I need to extract objects from an array, where there's more than one object in that array I need to repeat for every id and if the field is null then I want to append an empty string for that record.
I will explain the method I'm trying to follow.
The dataset can come either looking like this:
{
"id":{
"$oid":1234
},
"orderDelivery":{
"deliveryFee":3500,
"deliveryInstructions":null,
"deliveryIssueIds":null
}
}
OR like that:
{
"id":{
"$oid":1233
},
"orderDelivery":{
"deliveryFee":3500,
"deliveryInstructions":[
{
"createdOn":1635762179390,
"deliveryMessage":"delivered"
},
{
"createdOn":1735762179390,
"deliveryMessage":"not door"
}
],
"deliveryIssueIds":null
}
}
if the deliveryInstructions is null then I want the table to look like this:
| id | createdOn | deliveryMessage |
|---|---|---|
| 1234 |
When the deliveryInstructions is not null then I want it to repeat for that id when I create a table:
| id | createdOn | deliveryMessage |
|---|---|---|
| 1233 | 163576217939 | delivered |
| 1233 | 1735762179390 | not door |
I tried implementing it like this but I didn't win:
if df[deliveryInstructions].isnull():
df_out.withColumn("CreatedOn", "").withColumn("deliveryMessage","")
else:
df2 = df.eplode(deliveryInstructions)
df_out.withColumn("createdOn", df2[CreatedOn])
df_out.withColumn("deliveryMessage", df2[deliveryMessage])

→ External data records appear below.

lemma expected_nontrivial_count_le:
  assumes x: "x \<in> Vr p h \<omega> r" and r: "2 \<le> r"
  shows "(\<Sum>y\<in>Vr p h \<omega> r. Qpow p h \<omega> r t x y * real (nontrivial_count r y))
    \<le> real (nontrivial_count r x) * (1 + 1 / (2 * (real r - 1))) ^ t"
proof (induction t)
  case 0
  have "(\<Sum>y\<in>Vr p h \<omega> r. Qpow p h \<omega> r 0 x y * real (nontrivial_count r y))
      = (\<Sum>y\<in>Vr p h \<omega> r. if x = y then real (nontrivial_count r y) else 0)"
    by (rule sum.cong) auto
  then show ?case
    using x finite_Vr by simp
next
  case (Suc t)
  let ?V = "Vr p h \<omega> r" and ?g = "\<lambda>y. real (nontrivial_count r y)"
  let ?q = "1 + 1 / (2 * (real r - 1))"
  have "(\<Sum>y\<in>?V. Qpow p h \<omega> r (Suc t) x y * ?g y)
      = (\<Sum>y\<in>?V. \<Sum>z\<in>?V. Qpow p h \<omega> r t x z * (Qker p \<omega> r z y * ?g y))"
    by (simp add: sum_distrib_right mult.assoc)
  also have "\<dots> = (\<Sum>z\<in>?V. Qpow p h \<omega> r t x z * (\<Sum>y\<in>?V. Qker p \<omega> r z y * ?g y))"
    by (subst sum.swap) (simp add: sum_distrib_left)
  also have "\<dots> \<le> (\<Sum>z\<in>?V. Qpow p h \<omega> r t x z * (?g z * ?q))"
    by (intro sum_mono mult_left_mono Qker_weighted_nontrivial_le r Qpow_nonneg) auto
  also have "\<dots> = ?q * (\<Sum>z\<in>?V. Qpow p h \<omega> r t x z * ?g z)"
    by (simp add: sum_distrib_left algebra_simps)
  also have "\<dots> \<le> ?q * (?g x * ?q ^ t)"
    using Suc.IH r by (intro mult_left_mono) auto
  finally show ?case
    by (simp add: algebra_simps)
qed
(* Let $\mu$ be an indeterminate admissible measure on $\mathbb{R}^d$ and let $\tau \neq 0$ be a positive measure of compact support on $\mathbb{R}^d$. Then the convolution $\tau \ast \mu$, defined by $\int f\, d(\tau\ast\mu)=\int\int f(x+y)\,d\tau(y)\,d\mu(x)$, is an admissible and indeterminate measure on $\mathbb{R}^d$.
   Context: An admissible measure on $\mathbb{R}^d$ is a positive Radon measure with all polynomials integrable; it is indeterminate if some distinct admissible measure has the same integrals against all polynomials. *)

theory Defs
  imports "HOL-Analysis.Analysis"
begin

text \<open>R^d is rendered as real^'n (d = CARD('n)). Monomial with multi-index alpha.\<close>

definition monomial :: "('n::finite \<Rightarrow> nat) \<Rightarrow> real^'n \<Rightarrow> real" where
  "monomial \<alpha> x = (\<Prod>i\<in>UNIV. (x $ i) ^ (\<alpha> i))"

definition polynomial_fun :: "(real^'n::finite \<Rightarrow> real) \<Rightarrow> bool" where
  "polynomial_fun p \<longleftrightarrow>
     (\<exists>A c. finite A \<and> (\<forall>x. p x = (\<Sum>\<alpha>\<in>A. c \<alpha> * monomial \<alpha> x)))"

definition radon :: "(real^'n::finite) measure \<Rightarrow> bool" where
  "radon M \<longleftrightarrow> sets M = sets borel \<and> (\<forall>K. compact K \<longrightarrow> emeasure M K < \<infinity>)"

definition admissible :: "(real^'n::finite) measure \<Rightarrow> bool" where
  "admissible M \<longleftrightarrow> radon M \<and> (\<forall>p. polynomial_fun p \<longrightarrow> integrable M p)"

definition indeterminate :: "(real^'n::finite) measure \<Rightarrow> bool" where
  "indeterminate M \<longleftrightarrow> admissible M \<and>
     (\<exists>N. admissible N \<and> N \<noteq> M \<and>
          (\<forall>p. polynomial_fun p \<longrightarrow> integral\<^sup>L N p = integral\<^sup>L M p))"

definition has_compact_support :: "(real^'n::finite) measure \<Rightarrow> bool" where
  "has_compact_support M \<longleftrightarrow> (\<exists>K. compact K \<and> emeasure M (UNIV - K) = 0)"

definition conv :: "(real^'n::finite) measure \<Rightarrow> (real^'n) measure \<Rightarrow> (real^'n) measure" where
  "conv \<tau> \<mu> = distr (\<tau> \<Otimes>\<^sub>M \<mu>) borel (\<lambda>(y, x). x + y)"

end

theory Submission
  imports Defs
begin

text \<open>Let \<open>\<nu> \<noteq> \<mu>\<close> be admissible with the moments of \<open>\<mu>\<close>. Polynomials stay polynomials under
  translation, so for every Borel set \<open>A\<close> the measure \<open>(\<tau>|\<^bsub>-A\<^esub>) * \<mu> + (\<tau>|\<^bsub>A\<^esub>) * \<nu>\<close> is admissible with
  the moments of \<open>\<tau> * \<mu>\<close>, so it would equal \<open>\<tau> * \<mu>\<close> if \<open>\<tau> * \<mu>\<close> were determinate. Then for a bounded
  Lipschitz \<open>g\<close> the function \<open>D y = \<integral> g(x + y - y0) d(\<nu> - \<mu>)(x)\<close> is Lipschitz and has vanishing
  \<open>\<tau>\<close>-integral over every ball around \<open>y0\<close>. Choosing \<open>y0\<close> so that \<open>\<tau>\<close> charges all these balls forces
  \<open>D y0 = \<integral> g d\<nu> - \<integral> g d\<mu> = 0\<close>, and bounded Lipschitz functions separate finite Borel measures,
  so \<open>\<mu> = \<nu>\<close>.\<close>

section \<open>Polynomial functions\<close>

lemma monomial_add_exponents:
  "monomial \<alpha> x * monomial \<beta> x = monomial (\<lambda>i. \<alpha> i + \<beta> i) x"
  unfolding monomial_def by (simp add: power_add prod.distrib)

lemma polynomial_fun_monomial: "polynomial_fun (\<lambda>x. c * monomial \<alpha> x)"
  unfolding polynomial_fun_def by (intro exI[of _ "{\<alpha>}"] exI[of _ "\<lambda>_. c"]) simp

lemma polynomial_fun_const: "polynomial_fun (\<lambda>x. c)"
  using polynomial_fun_monomial[of c "\<lambda>_. 0"] by (simp add: monomial_def)

lemma polynomial_fun_component: "polynomial_fun (\<lambda>x::real^'n::finite. x $ i)"
proof -
  have "x $ i = 1 * monomial (\<lambda>j. if j = i then 1 else 0) x" for x :: "real^'n"
    unfolding monomial_def by (simp add: if_distrib prod.delta' cong: if_cong)
  then show ?thesis
    using polynomial_fun_monomial[of 1 "\<lambda>j. if j = i then 1 else 0"] by simp
qed

lemma polynomial_fun_add:
  assumes "polynomial_fun p" "polynomial_fun q"
  shows "polynomial_fun (\<lambda>x. p x + q x)"
proof -
  obtain A c where A: "finite A" "\<And>x. p x = (\<Sum>\<alpha>\<in>A. c \<alpha> * monomial \<alpha> x)"
    using assms(1) unfolding polynomial_fun_def by blast
  obtain B d where B: "finite B" "\<And>x. q x = (\<Sum>\<alpha>\<in>B. d \<alpha> * monomial \<alpha> x)"
    using assms(2) unfolding polynomial_fun_def by blast
  define e where "e \<alpha> = (if \<alpha> \<in> A then c \<alpha> else 0) + (if \<alpha> \<in> B then d \<alpha> else 0)" for \<alpha>
  have "p x + q x = (\<Sum>\<alpha>\<in>A \<union> B. e \<alpha> * monomial \<alpha> x)" for x
  proof -
    have "p x = (\<Sum>\<alpha>\<in>A \<union> B. (if \<alpha> \<in> A then c \<alpha> else 0) * monomial \<alpha> x)"
      unfolding A(2) using A(1) B(1) by (intro sum.mono_neutral_cong_left) auto
    moreover have "q x = (\<Sum>\<alpha>\<in>A \<union> B. (if \<alpha> \<in> B then d \<alpha> else 0) * monomial \<alpha> x)"
      unfolding B(2) using A(1) B(1) by (intro sum.mono_neutral_cong_left) auto
    ultimately show ?thesis
      unfolding e_def by (simp only: distrib_right sum.distrib)
  qed
  then show ?thesis
    using A(1) B(1) unfolding polynomial_fun_def by (intro exI[of _ "A \<union> B"] exI[of _ e]) simp
qed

I am reading in df like this:
df= spark.read.option("multiline", "true").json(inputfile)
df_out has been defined like this, there are more fields in json but I am interested in adding the deliveryInstructions to df_out when it is null and when is it not as explained, I just need to add instructions since I find them complex:
df_out = df.select(
df["id"]["$oid"].cast(StringType()).alias("order_id")
)
Can anyone assist?